在英国,家庭,教育工作者和政府官员对一种新的“ A-levels ”评分算法的效果感到震惊,“ A-levels ”是用于评估学生对特定科目的知识以准备大学学习的高级证书。
A-level courses usually culminate with exams conducted in testing centers. Because of COVID-19, this year’s exams were canceled. In lieu of those exams and their decisive scores, Ofqual, the government agency responsible for scoring students’ work in A-level classes, opted to use a new algorithm to grade students’ work by applying statistical models of school performance from earlier years. Teachers had already graded the students’ work as part of their coursework, but the algorithm overrode those grades, dropping final scores a full letter for 36% of entries and two full letters for 3% of entries. For thousands of students, A’s became B’s, B’s became C’s, and in a few cases, B’s became D’s. Some students failed their classes, because the algorithm determined that some students must fail. Meanwhile, 5% of well-off students attending private schools saw their scores increase.
A级课程通常以在测试中心进行的考试达到高潮。 由于COVID-19,今年的考试被取消了。 代替对这些考试及其决定性成绩的评分,负责对学生在A级课程中的工作进行评分的政府机构Ofqual选择采用一种新算法,通过应用早些年的学校成绩统计模型来对学生的工作进行评分。 老师已经为学生的作业评分,这是他们课程学习的一部分,但是该算法取代了这些成绩, 最终分数降低了36%的满分和2%的3% 。 对于成千上万的学生,A变成B,B变成C,在少数情况下,B变成D。 一些学生的课程不及格,因为该算法确定某些学生必须不及格。 同时,上私立学校的小康学生中有5%的分数有所提高。

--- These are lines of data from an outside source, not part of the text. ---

lemma adjacent_twins_eigenvalue_minus_one:
  assumes "symp E" "irreflp E" "E u v" "u < N" "v < N"
    and twins: "\<And>w. w \<noteq> u \<Longrightarrow> w \<noteq> v \<Longrightarrow> E u w \<longleftrightarrow> E v w"
  shows "eigenvalue (adj_matrix N E) (-1)"
proof -
  define f :: "nat \<Rightarrow> real" where "f j = (if j = u then 1 else if j = v then -1 else 0)" for j
  have loopless: "\<not> E w w" for w using assms(2) by (simp add: irreflp_def)
  have "E v u" using assms(1,3) by (rule sympD)
  have "u \<noteq> v" using assms(3) loopless by blast
  have row_sum: "(\<Sum>j\<in>neighbours N E i. f j) = - f i" for i
  proof -
    have "(\<Sum>j\<in>neighbours N E i. f j) = (\<Sum>j\<in>neighbours N E i \<inter> {u, v}. f j)"
      by (rule sum.mono_neutral_right) (auto simp: f_def)
    also have "\<dots> = - f i"
    proof -
      consider "i = u" | "i = v" | "i \<noteq> u" "i \<noteq> v" by blast
      then show ?thesis
      proof cases
        case 1
        then have "neighbours N E i \<inter> {u, v} = {v}"
          using assms(3,5) loopless by (auto simp: neighbours_def)
        then show ?thesis using 1 \<open>u \<noteq> v\<close> by (simp add: f_def)
      next
        case 2
        then have "neighbours N E i \<inter> {u, v} = {u}"
          using \<open>E v u\<close> assms(4) loopless by (auto simp: neighbours_def)
        then show ?thesis using 2 \<open>u \<noteq> v\<close> by (simp add: f_def)
      next
        case 3
        then have "E i u \<longleftrightarrow> E i v" using twins[of i] assms(1) by (simp add: symp_def) blast
        then have "neighbours N E i \<inter> {u, v} = {} \<or> neighbours N E i \<inter> {u, v} = {u, v}"
          using assms(4,5) by (auto simp: neighbours_def)
        then show ?thesis using 3 \<open>u \<noteq> v\<close> by (elim disjE) (simp_all add: f_def)
      qed
    qed
    finally show ?thesis .
  qed
  show ?thesis
  proof (rule eigenvalue_adj_matrixI[where f = f and r = u])
    show "(\<Sum>j\<in>neighbours N E i. f j) = - 1 * f i" for i using row_sum by simp
  qed (use assms(4) in \<open>simp_all add: f_def\<close>)
qed

lemma eigenvalue_adj_matrix_square_less:
  fixes w s :: "nat \<Rightarrow> real"
  assumes w_pos: "\<And>i. i < N \<Longrightarrow> w i > 0"
    and w_le_s: "\<And>i. i < N \<Longrightarrow> (\<Sum>j\<in>neighbours N E i. w j) \<le> s i"
    and s_less_w: "\<And>i. i < N \<Longrightarrow> (\<Sum>j\<in>neighbours N E i. s j) < C * w i"
    and "eigenvalue (adj_matrix N E) x"
  shows "x\<^sup>2 < C"
proof -
  obtain v where v: "v \<in> carrier_vec N" "v \<noteq> 0\<^sub>v N" "adj_matrix N E *\<^sub>v v = x \<cdot>\<^sub>v v"
    using assms(4) unfolding eigenvalue_def eigenvector_def by (auto simp: adj_matrix_def)
  obtain j0 where j0: "j0 < N" "v $ j0 \<noteq> 0"
    using v(1,2) by (metis carrier_vecD eq_vecI index_zero_vec(1,2))
  define ratio where "ratio i = \<bar>v $ i\<bar> / w i" for i
  have "Max (ratio ` {..<N}) \<in> ratio ` {..<N}" using j0 by (intro Max_in) auto
  then obtain i0 where i0: "i0 < N" "ratio i0 = Max (ratio ` {..<N})" by auto
  have ratio_max: "ratio j \<le> ratio i0" if "j < N" for j
    using that by (simp add: i0(2))
  define M where "M = ratio i0"
  have v_le: "\<bar>v $ j\<bar> \<le> M * w j" if "j < N" for j
    using ratio_max[OF that] w_pos[OF that] by (simp add: M_def ratio_def divide_le_eq)
  have "0 < ratio j0" using j0 w_pos by (simp add: ratio_def)
  then have "M > 0" using ratio_max[OF j0(1)] by (simp add: M_def)
  have v_i0: "\<bar>v $ i0\<bar> = M * w i0" using w_pos[OF i0(1)] by (simp add: M_def ratio_def)
  have xv_le: "\<bar>x * v $ j\<bar> \<le> M * s j" if "j < N" for j
  proof -
    have "\<bar>x * v $ j\<bar> \<le> (\<Sum>l\<in>neighbours N E j. \<bar>v $ l\<bar>)"
      unfolding eigenvector_adj_matrix_nth[OF v(1,3) that] by (rule sum_abs)
    also have "\<dots> \<le> (\<Sum>l\<in>neighbours N E j. M * w l)"
      by (rule sum_mono) (simp add: v_le neighbours_def)
    also have "\<dots> \<le> M * s j"
      using w_le_s[OF that] \<open>M > 0\<close> by (simp add: sum_distrib_left[symmetric])
    finally show ?thesis .
  qed
  have "x\<^sup>2 * \<bar>v $ i0\<bar> = \<bar>x * (x * v $ i0)\<bar>"
    by (simp add: power2_eq_square abs_mult abs_mult_self_eq)
  also have "\<dots> = \<bar>\<Sum>j\<in>neighbours N E i0. x * v $ j\<bar>"
    by (simp add: eigenvector_adj_matrix_nth[OF v(1,3) i0(1)] sum_distrib_left)
  also have "\<dots> \<le> (\<Sum>j\<in>neighbours N E i0. \<bar>x * v $ j\<bar>)" by (rule sum_abs)
  also have "\<dots> \<le> (\<Sum>j\<in>neighbours N E i0. M * s j)"
    by (rule sum_mono) (simp add: xv_le neighbours_def)
  also have "\<dots> < M * (C * w i0)"
    using s_less_w[OF i0(1)] \<open>M > 0\<close> by (simp add: sum_distrib_left[symmetric])
  also have "\<dots> = C * \<bar>v $ i0\<bar>" using v_i0 by simp
  finally show ?thesis using \<open>M > 0\<close> v_i0 w_pos[OF i0(1)] by simp
qed

lemma graph_rho_less_sqrt:
  assumes "eigenvalue (adj_matrix N E) y"
    and "\<And>x. eigenvalue (adj_matrix N E) x \<Longrightarrow> x\<^sup>2 < C"
  shows "graph_rho N E < sqrt C"
proof -
  let ?S = "{x. eigenvalue (adj_matrix N E) x}"
  have "?S = {x. poly (char_poly (adj_matrix N E)) x = 0}"
    using eigenvalue_root_char_poly[OF adj_matrix_carrier] by blast
  moreover have "char_poly (adj_matrix N E) \<noteq> 0"
    using degree_monic_char_poly[OF adj_matrix_carrier, of N E] by auto
  ultimately have "finite ?S" by (simp add: poly_roots_finite)
  then have "graph_rho N E \<in> ?S" unfolding graph_rho_def using assms(1) by (intro Max_in) auto
  then show ?thesis using assms(2) by (simp add: real_less_rsqrt)
qed

definition K2a_Fk_edge :: "nat \<Rightarrow> nat \<Rightarrow> nat \<Rightarrow> nat \<Rightarrow> nat \<Rightarrow> bool" where
  "K2a_Fk_edge c a k u v \<longleftrightarrow> K2a_edge a u v \<or> Fk_edge c a k u v"

lemma bullet_edge_eq: "bullet_edge a k = K2a_Fk_edge 2 a k"
  by (simp add: fun_eq_iff bullet_edge_def K2a_Fk_edge_def)

lemma star_edge_eq: "star_edge a k = K2a_Fk_edge 0 a k"
  by (simp add: fun_eq_iff star_edge_def K2a_Fk_edge_def)

lemma symp_K2a_Fk_edge: "symp (K2a_Fk_edge c a k)"
  by (auto simp: symp_def K2a_Fk_edge_def K2a_edge_def Fk_edge_def)

lemma irreflp_K2a_Fk_edge: "c < a + 2 \<Longrightarrow> irreflp (K2a_Fk_edge c a k)"
  by (auto simp: irreflp_def K2a_Fk_edge_def K2a_edge_def Fk_edge_def)

lemma K2a_Fk_edge_triangle_twins:
  assumes "c < a + 2" "w \<noteq> a + 2" "w \<noteq> a + 3"
  shows "K2a_Fk_edge c a k (a + 2) w \<longleftrightarrow> K2a_Fk_edge c a k (a + 3) w"
proof -
  have "(w - (a + 2)) div 2 \<noteq> 0" if "a + 2 \<le> w" using that assms(2,3) by linarith
  then show ?thesis using assms(1) by (auto simp: K2a_Fk_edge_def K2a_edge_def Fk_edge_def)
qed

lemma eigenvalue_minus_one_K2a_Fk:
  assumes "c < a + 2" "k \<ge> 1"
  shows "eigenvalue (adj_matrix (a + 2 + 2 * k) (K2a_Fk_edge c a k)) (-1)"
proof (rule adjacent_twins_eigenvalue_minus_one[where u = "a + 2" and v = "a + 3"])
  show "K2a_Fk_edge c a k (a + 2) (a + 3)"
    using assms by (simp add: K2a_Fk_edge_def Fk_edge_def)
  show "K2a_Fk_edge c a k (a + 2) w \<longleftrightarrow> K2a_Fk_edge c a k (a + 3) w"
    if "w \<noteq> a + 2" "w \<noteq> a + 3" for w
    using assms(1) that by (rule K2a_Fk_edge_triangle_twins)
qed (use assms in \<open>simp_all add: symp_K2a_Fk_edge irreflp_K2a_Fk_edge\<close>)

lemma neighbours_K2a_Fk_triangle:
  assumes "c < a + 2" "a + 2 \<le> u" "u < a + 2 + 2 * k"
  obtains m where "a + 2 \<le> m" "neighbours (a + 2 + 2 * k) (K2a_Fk_edge c a k) u = {c, m}"
proof -
  obtain r where r: "u = a + 2 + r" "r < 2 * k"
    using assms(2,3) by (metis add_less_cancel_left le_Suc_ex)
  define m where "m = (if even r then u + 1 else u - 1)"
  have "a + 2 \<le> m" using r by (auto simp: m_def dest: odd_pos)
  have "neighbours (a + 2 + 2 * k) (K2a_Fk_edge c a k) u = insert c
      {v. a + 2 \<le> v \<and> v < a + 2 + 2 * k \<and> v \<noteq> u \<and> (v - (a + 2)) div 2 = r div 2}"
    using assms r by (auto simp: neighbours_def K2a_Fk_edge_def K2a_edge_def Fk_edge_def)
  also have "{v. a + 2 \<le> v \<and> v < a + 2 + 2 * k \<and> v \<noteq> u \<and> (v - (a + 2)) div 2 = r div 2} = {m}"
    using r unfolding m_def by (auto simp: le_iff_add; presburger)
  finally show thesis using \<open>a + 2 \<le> m\<close> that by blast
qed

The algorithm’s grading scheme affected disadvantaged students the most. As The Guardian notes:
该算法的评分方案对处境不利的学生影响最大。 正如《卫报》所述 :
“Pupils from disadvantaged backgrounds have been worst hit by the controversial standardisation process used to award A-level grades in England this year, while pupils at private schools benefited the most. Private schools increased the proportion of students achieving top grades — A* and A — twice as much as pupils at comprehensives. . . . Pupils in lower socioeconomic backgrounds were most likely to have the grades proposed by their teachers overruled, while those in wealthier areas were less likely to be downgraded, according to the analysis.”
“来自贫困家庭的学生受到今年用于授予英国A级成绩的有争议的标准化程序的打击最大,而私立学校的学生受益最大。 私立学校增加了达到最高成绩A *和A的学生比例,是综合学生的两倍。 。 。 。 分析认为,社会经济背景较低的学生最有可能推翻老师建议的成绩,而较富裕地区的学生则不太可能被降级。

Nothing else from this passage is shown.